All that should come back is the lines of the data below from the one containing "(\<forall>lA\<in>EA. \<Phi> (effNeg" to the one containing "EA EB \<Phi>", inclusive, exactly as they stand.
START PROVIDED RECORDS
lemma f_has_derivative:
  "y \<in> edom \<Psi> \<Longrightarrow> ((\<lambda>z. real_of_ereal (f z)) has_derivative (\<lambda>h. gf y \<bullet> h)) (at y)"
  using has_grad_on_edom unfolding has_grad_def by auto

lemma edom_\<Psi>_convex_combination:
  assumes "u \<in> edom \<Psi>" "v \<in> edom \<Psi>" "0 \<le> t" "t \<le> 1"
  shows "(1 - t) *\<^sub>R u + t *\<^sub>R v \<in> edom \<Psi>"
  using closed_proper_convex_combination(1)[OF \<Psi>_cpc \<Psi>_finite \<Psi>_finite, of u v t] assms
  by (auto simp: edom_def)

lemma edom_\<Psi>_values:
  assumes "y \<in> edom \<Psi>"
  obtains a b where "f y = ereal a" "\<Psi> y = ereal b"
  using f_finite[OF assms] \<Psi>_finite[OF assms] by (cases "f y"; cases "\<Psi> y") auto

lemma obj_convex:
  assumes "u \<in> edom \<Psi>" "v \<in> edom \<Psi>" "0 \<le> t" "t \<le> 1"
  shows "obj ((1 - t) *\<^sub>R u + t *\<^sub>R v) \<le> (1 - t) * obj u + t * obj v"
  using closed_proper_convex_combination(2)[OF f_cpc f_finite f_finite, of u v t]
    closed_proper_convex_combination(2)[OF \<Psi>_cpc \<Psi>_finite \<Psi>_finite, of u v t] assms
  unfolding obj_def by (simp add: algebra_simps)

text \<open>The difference quotients of \<open>f\<close> along \<open>[x, y]\<close> are bounded by \<open>f y - f x\<close> by convexity and
  converge to \<open>\<langle>\<nabla>f x, y - x\<rangle>\<close>.\<close>
lemma gradient_inequality:
  assumes x: "x \<in> edom \<Psi>" and y: "f y \<noteq> \<infinity>"
  shows "real_of_ereal (f x) + gf x \<bullet> (y - x) \<le> real_of_ereal (f y)"
proof -
  have fy: "\<bar>f y\<bar> \<noteq> \<infinity>" using y closed_proper_convex_not_MInfty[OF f_cpc, of y] by auto
  define \<phi> where "\<phi> t = real_of_ereal (f (x + t *\<^sub>R (y - x)))" for t
  have "((\<lambda>t. x + t *\<^sub>R (y - x)) has_derivative (\<lambda>t. t *\<^sub>R (y - x))) (at 0)"
    by (auto intro!: derivative_eq_intros)
  hence "(\<phi> has_derivative (\<lambda>t. gf x \<bullet> (t *\<^sub>R (y - x)))) (at 0)"
    unfolding \<phi>_def using f_has_derivative[OF x]
    by (intro has_derivative_compose[of "\<lambda>t. x + t *\<^sub>R (y - x)", where g = "\<lambda>z. real_of_ereal (f z)", simplified]) auto
  hence "(\<phi> has_real_derivative gf x \<bullet> (y - x)) (at 0)"
    unfolding has_field_derivative_def by (simp add: mult.commute[of _ "gf x \<bullet> (y - x)"])
  hence "((\<lambda>t. (\<phi> t - \<phi> 0) / (t - 0)) \<longlongrightarrow> gf x \<bullet> (y - x)) (at 0)"
    by (simp add: has_field_derivative_iff)
  hence "((\<lambda>t. (\<phi> t - \<phi> 0) / (t - 0)) \<longlongrightarrow> gf x \<bullet> (y - x)) (at_right 0)"
    by (rule filterlim_mono) (simp_all add: at_le)
  moreover have "eventually (\<lambda>t. (\<phi> t - \<phi> 0) / (t - 0) \<le> \<phi> 1 - \<phi> 0) (at_right 0)"
    unfolding eventually_at_right_field
  proof (intro exI[of _ 1] conjI allI impI)
    fix t :: real assume t: "0 < t" "t < 1"
    have "x + t *\<^sub>R (y - x) = (1 - t) *\<^sub>R x + t *\<^sub>R y" by (simp add: algebra_simps)
    hence "\<phi> t \<le> (1 - t) * \<phi> 0 + t * \<phi> 1"
      using closed_proper_convex_combination(2)[OF f_cpc f_finite[OF x] fy, of t] t unfolding \<phi>_def by simp
    hence "\<phi> t - \<phi> 0 \<le> t * (\<phi> 1 - \<phi> 0)" by (simp add: algebra_simps)
    thus "(\<phi> t - \<phi> 0) / (t - 0) \<le> \<phi> 1 - \<phi> 0" using t by (simp add: divide_le_eq mult.commute)
  qed simp
  ultimately have "gf x \<bullet> (y - x) \<le> \<phi> 1 - \<phi> 0" by (rule tendsto_upperbound) simp
  thus ?thesis unfolding \<phi>_def by simp
qed
(* The regular tensor product $\mathfrak{S}_A\widehat{\otimes}\mathfrak{S}_B$ is a sub Inf semi-lattice of the maximal tensor product $\check{S}_{AB}$, and $\mathfrak{S}_A\widetilde{\otimes}\mathfrak{S}_B\subseteq\mathfrak{S}_A\widehat{\otimes}\mathfrak{S}_B$.
   Context: $\mathfrak{B}=\{\mathbf{Y},\mathbf{N},\bot\}$ with $\bot$ below the incomparable $\mathbf{Y},\mathbf{N}$, meet $\wedge$, involution $\overline{\cdot}$ and product $\bullet$ ($x\bullet\mathbf{Y}=x$, $x\bullet\mathbf{N}=\mathbf{N}$, $\bot\bullet\bot=\bot$). $(\mathfrak{S}_A,\mathfrak{E}_A,\epsilon^{\mathfrak{S}_A})$, $(\mathfrak{S}_B,\mathfrak{E}_B,\epsilon^{\mathfrak{S}_B})$ are States/Effects Chu spaces (effects with negation $\overline{\mathfrak{l}}$, constant-$\mathbf{Y}$ effect $\mathfrak{Y}_{\mathfrak{E}}$, bottom effect $\bot_{\mathfrak{E}}$). $\check{S}_{AB}$ is the set of maps $\Phi:\mathfrak{E}_A\times\mathfrak{E}_B\to\mathfrak{B}$ preserving arbitrary infima in each variable with $\Phi(\overline{\mathfrak{l}_A},\mathfrak{Y}_{\mathfrak{E}_B})=\overline{\Phi(\mathfrak{l}_A,\mathfrak{Y}_{\mathfrak{E}_B})}$, $\Phi(\mathfrak{Y}_{\mathfrak{E}_A},\overline{\mathfrak{l}_B})=\overline{\Phi(\mathfrak{Y}_{\mathfrak{E}_A},\mathfrak{l}_B)}$, $\Phi(\mathfrak{Y}_{\mathfrak{E}_A},\mathfrak{Y}_{\mathfrak{E}_B})=\mathbf{Y}$, ordered pointwise. $\mathfrak{S}_A\widetilde{\otimes}\mathfrak{S}_B$ is its subset of maps $(\mathfrak{l}_A,\mathfrak{l}_B)\mapsto\bigwedge_{i}\epsilon_{\mathfrak{l}_A}(\sigma_{i,A})\bullet\epsilon_{\mathfrak{l}_B}(\sigma_{i,B})$. $\mathfrak{S}_A\widehat{\otimes}\mathfrak{S}_B$ is the set of $\Phi\in\check{S}_{AB}$ such that: $\Phi(\mathfrak{l}_A,\overline{\mathfrak{Y}_{\mathfrak{E}_B}})=\Phi(\overline{\mathfrak{Y}_{\mathfrak{E}_A}},\mathfrak{l}_B)=\mathbf{N}$ for all $\mathfrak{l}_A,\mathfrak{l}_B$; if $\Phi(\mathfrak{l}_A,\mathfrak{Y}_{\mathfrak{E}_B})=\mathbf{Y}$ then $(\Phi(\mathfrak{l}_A,\mathfrak{l}_B),\Phi(\mathfrak{l}_A,\overline{\mathfrak{l}_B}))\in\{(\mathbf{Y},\mathbf{N}),(\mathbf{N},\mathbf{Y}),(\bot,\bot)\}$ for all $\mathfrak{l}_B$, and symmetrically in $A$; if $\Phi(\mathfrak{l}_A,\mathfrak{Y}_{\mathfrak{E}_B})=\bot$ then for all $\mathfrak{l}_B,\mathfrak{l}'_B$ with $\mathfrak{l}_B\sqcap\mathfrak{l}'_B=\bot_{\mathfrak{E}_B}$, $(\Phi(\mathfrak{l}_A,\mathfrak{l}_B),\Phi(\mathfrak{l}_A,\mathfrak{l}'_B))\in\{(\bot,\mathbf{N}),(\mathbf{N},\bot),(\bot,\bot)\}$, and symmetrically in $A$. *)

theory Defs
  imports Main
begin

datatype bv = Yb | Nb | Bt

definition ble :: "bv \<Rightarrow> bv \<Rightarrow> bool" where
  "ble x y \<longleftrightarrow> x = Bt \<or> x = y"

text \<open>Infimum of a nonempty subset of B (only used for nonempty sets).\<close>
definition bInf :: "bv set \<Rightarrow> bv" where
  "bInf X = (if \<exists>x. X = {x} then the_elem X else Bt)"

definition bmeet :: "bv \<Rightarrow> bv \<Rightarrow> bv" where
  "bmeet x y = bInf {x, y}"

fun bneg :: "bv \<Rightarrow> bv" where
  "bneg Yb = Nb" | "bneg Nb = Yb" | "bneg Bt = Bt"

fun bprod :: "bv \<Rightarrow> bv \<Rightarrow> bv" where
  "bprod x Yb = x"
| "bprod x Nb = Nb"
| "bprod Yb Bt = Bt"
| "bprod Nb Bt = Nb"
| "bprod Bt Bt = Bt"

text \<open>States are the elements of the type 's; an effect is identified with its
  evaluation map l, so that epsilon_l(sigma) = l sigma (extensional Chu space).\<close>

definition effInf :: "('s \<Rightarrow> bv) set \<Rightarrow> ('s \<Rightarrow> bv)" where
  "effInf L = (\<lambda>\<sigma>. bInf ((\<lambda>l. l \<sigma>) ` L))"

definition effMeet :: "('s \<Rightarrow> bv) \<Rightarrow> ('s \<Rightarrow> bv) \<Rightarrow> ('s \<Rightarrow> bv)" where
  "effMeet l l' = effInf {l, l'}"

definition effNeg :: "('s \<Rightarrow> bv) \<Rightarrow> ('s \<Rightarrow> bv)" where
  "effNeg l = (\<lambda>\<sigma>. bneg (l \<sigma>))"

definition effY :: "'s \<Rightarrow> bv" where
  "effY = (\<lambda>_. Yb)"

definition effBot :: "'s \<Rightarrow> bv" where
  "effBot = (\<lambda>_. Bt)"

definition effect_space :: "('s \<Rightarrow> bv) set \<Rightarrow> bool" where
  "effect_space E \<longleftrightarrow>
     effY \<in> E \<and> (\<forall>l\<in>E. effNeg l \<in> E) \<and>
     (\<forall>L. L \<subseteq> E \<and> L \<noteq> {} \<longrightarrow> effInf L \<in> E)"

type_synonym ('a, 'b) bimap = "('a \<Rightarrow> bv) \<Rightarrow> ('b \<Rightarrow> bv) \<Rightarrow> bv"

text \<open>Maps on E_A x E_B are represented as total functions which are Bt outside
  E_A x E_B.\<close>

definition maxTensor :: "('a \<Rightarrow> bv) set \<Rightarrow> ('b \<Rightarrow> bv) set \<Rightarrow> ('a, 'b) bimap set" where
  "maxTensor EA EB = {\<Phi>.
     (\<forall>lA lB. \<not> (lA \<in> EA \<and> lB \<in> EB) \<longrightarrow> \<Phi> lA lB = Bt) \<and>
     (\<forall>lA\<in>EA. \<forall>L. L \<subseteq> EB \<and> L \<noteq> {} \<longrightarrow> \<Phi> lA (effInf L) = bInf (\<Phi> lA ` L)) \<and>
     (\<forall>lB\<in>EB. \<forall>L. L \<subseteq> EA \<and> L \<noteq> {} \<longrightarrow> \<Phi> (effInf L) lB = bInf ((\<lambda>lA. \<Phi> lA lB) ` L)) \<and>
     (\<forall>lA\<in>EA. \<Phi> (effNeg lA) effY = bneg (\<Phi> lA effY)) \<and>
     (\<forall>lB\<in>EB. \<Phi> effY (effNeg lB) = bneg (\<Phi> effY lB)) \<and>
     \<Phi> effY effY = Yb}"

definition bimapLe :: "('a \<Rightarrow> bv) set \<Rightarrow> ('b \<Rightarrow> bv) set \<Rightarrow> ('a, 'b) bimap \<Rightarrow> ('a, 'b) bimap \<Rightarrow> bool" where
  "bimapLe EA EB \<Phi> \<Psi> \<longleftrightarrow> (\<forall>lA\<in>EA. \<forall>lB\<in>EB. ble (\<Phi> lA lB) (\<Psi> lA lB))"

definition bimapInf :: "('a \<Rightarrow> bv) set \<Rightarrow> ('b \<Rightarrow> bv) set \<Rightarrow> ('a, 'b) bimap set \<Rightarrow> ('a, 'b) bimap" where
  "bimapInf EA EB F = (\<lambda>lA lB. if lA \<in> EA \<and> lB \<in> EB then bInf ((\<lambda>\<Phi>. \<Phi> lA lB) ` F) else Bt)"

definition minTensor :: "('a \<Rightarrow> bv) set \<Rightarrow> ('b \<Rightarrow> bv) set \<Rightarrow> ('a, 'b) bimap set" where
  "minTensor EA EB = {\<Phi>. \<exists>P :: ('a \<times> 'b) set. P \<noteq> {} \<and>
     \<Phi> = (\<lambda>lA lB. if lA \<in> EA \<and> lB \<in> EB
                   then bInf ((\<lambda>(\<sigma>A, \<sigma>B). bprod (lA \<sigma>A) (lB \<sigma>B)) ` P) else Bt)}"

definition regTensor :: "('a \<Rightarrow> bv) set \<Rightarrow> ('b \<Rightarrow> bv) set \<Rightarrow> ('a, 'b) bimap set" where
  "regTensor EA EB = {\<Phi> \<in> maxTensor EA EB.
     (\<forall>lA\<in>EA. \<Phi> lA (effNeg effY) = Nb) \<and>
     (\<forall>lB\<in>EB. \<Phi> (effNeg effY) lB = Nb) \<and>
     (\<forall>lA\<in>EA. \<Phi> lA effY = Yb \<longrightarrow>
        (\<forall>lB\<in>EB. (\<Phi> lA lB, \<Phi> lA (effNeg lB)) \<in> {(Yb, Nb), (Nb, Yb), (Bt, Bt)})) \<and>
     (\<forall>lB\<in>EB. \<Phi> effY lB = Yb \<longrightarrow>
        (\<forall>lA\<in>EA. (\<Phi> lA lB, \<Phi> (effNeg lA) lB) \<in> {(Yb, Nb), (Nb, Yb), (Bt, Bt)})) \<and>
     (\<forall>lA\<in>EA. \<Phi> lA effY = Bt \<longrightarrow>
        (\<forall>lB\<in>EB. \<forall>lB'\<in>EB. effMeet lB lB' = effBot \<longrightarrow>
           (\<Phi> lA lB, \<Phi> lA lB') \<in> {(Bt, Nb), (Nb, Bt), (Bt, Bt)})) \<and>
     (\<forall>lB\<in>EB. \<Phi> effY lB = Bt \<longrightarrow>
        (\<forall>lA\<in>EA. \<forall>lA'\<in>EA. effMeet lA lA' = effBot \<longrightarrow>
           (\<Phi> lA lB, \<Phi> lA' lB) \<in> {(Bt, Nb), (Nb, Bt), (Bt, Bt)}))}"

end

theory Submission
  imports Defs
begin

(* Every defining condition of the maximal and of the regular tensor product constrains one
   slice at a time: the map Phi(l_A, -) on E_B for fixed l_A, or Phi(-, l_B) on E_A for fixed
   l_B.  Each slice condition survives pointwise infima of nonempty families.  The one delicate
   case is an infimum with value bot at the unit effect Y although no member has value bot there:
   then some member is N at Y and, preserving infima and being N at not-Y, is N everywhere, while
   another member is Y at Y and so, since its value at bot = Y meet not-Y is bot, is not N on two
   disjoint effects.  The slices of a pure tensor are l |-> c * l(sigma), which are regular, and
   the minimal tensor product consists of the infima of nonempty families of pure tensors. *)

lemma bInf_singleton [simp]: "bInf {x} = x"
  by (simp add: bInf_def)

lemma bInf_eq_iff:
  assumes "X \<noteq> {}" "v \<noteq> Bt"
  shows "bInf X = v \<longleftrightarrow> (\<forall>x\<in>X. x = v)"
proof -
  have "bInf X = v \<longleftrightarrow> X = {v}"
    using assms(2) by (auto simp: bInf_def)
  also have "\<dots> \<longleftrightarrow> (\<forall>x\<in>X. x = v)"
    using assms(1) by auto
  finally show ?thesis .
qed

lemma bInf_lower: "x \<in> X \<Longrightarrow> ble (bInf X) x"
  by (auto simp: bInf_def ble_def)

lemma bInf_greatest:
  assumes "X \<noteq> {}" "\<And>x. x \<in> X \<Longrightarrow> ble y x"
  shows "ble y (bInf X)"
proof (cases "y = Bt")
  case False
  then have "bInf X = y"
    using assms by (simp add: bInf_eq_iff ble_def)
  then show ?thesis
    by (simp add: ble_def)
qed (simp add: ble_def)

lemma bInf_eqI:
  assumes "X \<noteq> {}" "Y \<noteq> {}" "\<And>v. v \<noteq> Bt \<Longrightarrow> (\<forall>x\<in>X. x = v) \<longleftrightarrow> (\<forall>y\<in>Y. y = v)"
  shows "bInf X = bInf Y"
  using assms by (metis bInf_eq_iff)

lemma bInf_image_commute:
  assumes "P \<noteq> {}" "L \<noteq> {}"
  shows "bInf ((\<lambda>p. bInf (g p ` L)) ` P) = bInf ((\<lambda>l. bInf ((\<lambda>p. g p l) ` P)) ` L)"
  using assms by (intro bInf_eqI) (auto simp: bInf_eq_iff)

lemma bneg_bneg [simp]: "bneg (bneg x) = x"
  by (cases x) auto

lemma bInf_image_bneg: "bInf (bneg ` X) = bneg (bInf X)"
proof -
  have "bneg ` X = {v} \<longleftrightarrow> X = {bneg v}" for v
  proof
    assume "bneg ` X = {v}"
    then have "bneg ` bneg ` X = {bneg v}"
      by simp
    then show "X = {bneg v}"
      by (simp add: image_image)
  qed simp
  then show ?thesis
    unfolding bInf_def by auto
qed

lemma bprod_Yb_left [simp]: "bprod Yb y = y"
  by (cases y) auto

lemma bprod_Nb_left [simp]: "bprod Nb y = Nb"
  by (cases y) auto

lemma bprod_comm: "bprod x y = bprod y x"
  by (cases x; cases y) auto

lemma bprod_bInf_right:
  assumes "Y \<noteq> {}"
  shows "bprod x (bInf Y) = bInf (bprod x ` Y)"
proof (cases x)
  case Bt
  have Nb_iff: "bprod Bt y = Nb \<longleftrightarrow> y = Nb" and not_Yb: "bprod Bt y \<noteq> Yb" for y
    by (cases y; simp)+
  have "bInf (bprod Bt ` Y) = Nb \<longleftrightarrow> bInf Y = Nb"
    using assms Nb_iff by (simp add: bInf_eq_iff)
  moreover have "bInf (bprod Bt ` Y) \<noteq> Yb"
    using assms not_Yb by (auto simp: bInf_eq_iff)
  ultimately show ?thesis
    using Bt by (cases "bInf Y"; cases "bInf (bprod Bt ` Y)") auto
qed (use assms in \<open>auto simp: image_constant_conv\<close>)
END PROVIDED RECORDS
COMPLETED TASK:
     (\<forall>lA\<in>EA. \<Phi> (effNeg lA) effY = bneg (\<Phi> lA effY)) \<and>
     (\<forall>lB\<in>EB. \<Phi> effY (effNeg lB) = bneg (\<Phi> effY lB)) \<and>
     \<Phi> effY effY = Yb}"

definition bimapLe :: "('a \<Rightarrow> bv) set \<Rightarrow> ('b \<Rightarrow> bv) set \<Rightarrow> ('a, 'b) bimap \<Rightarrow> ('a, 'b) bimap \<Rightarrow> bool" where
  "bimapLe EA EB \<Phi> \<Psi> \<longleftrightarrow> (\<forall>lA\<in>EA. \<forall>lB\<in>EB. ble (\<Phi> lA lB) (\<Psi> lA lB))"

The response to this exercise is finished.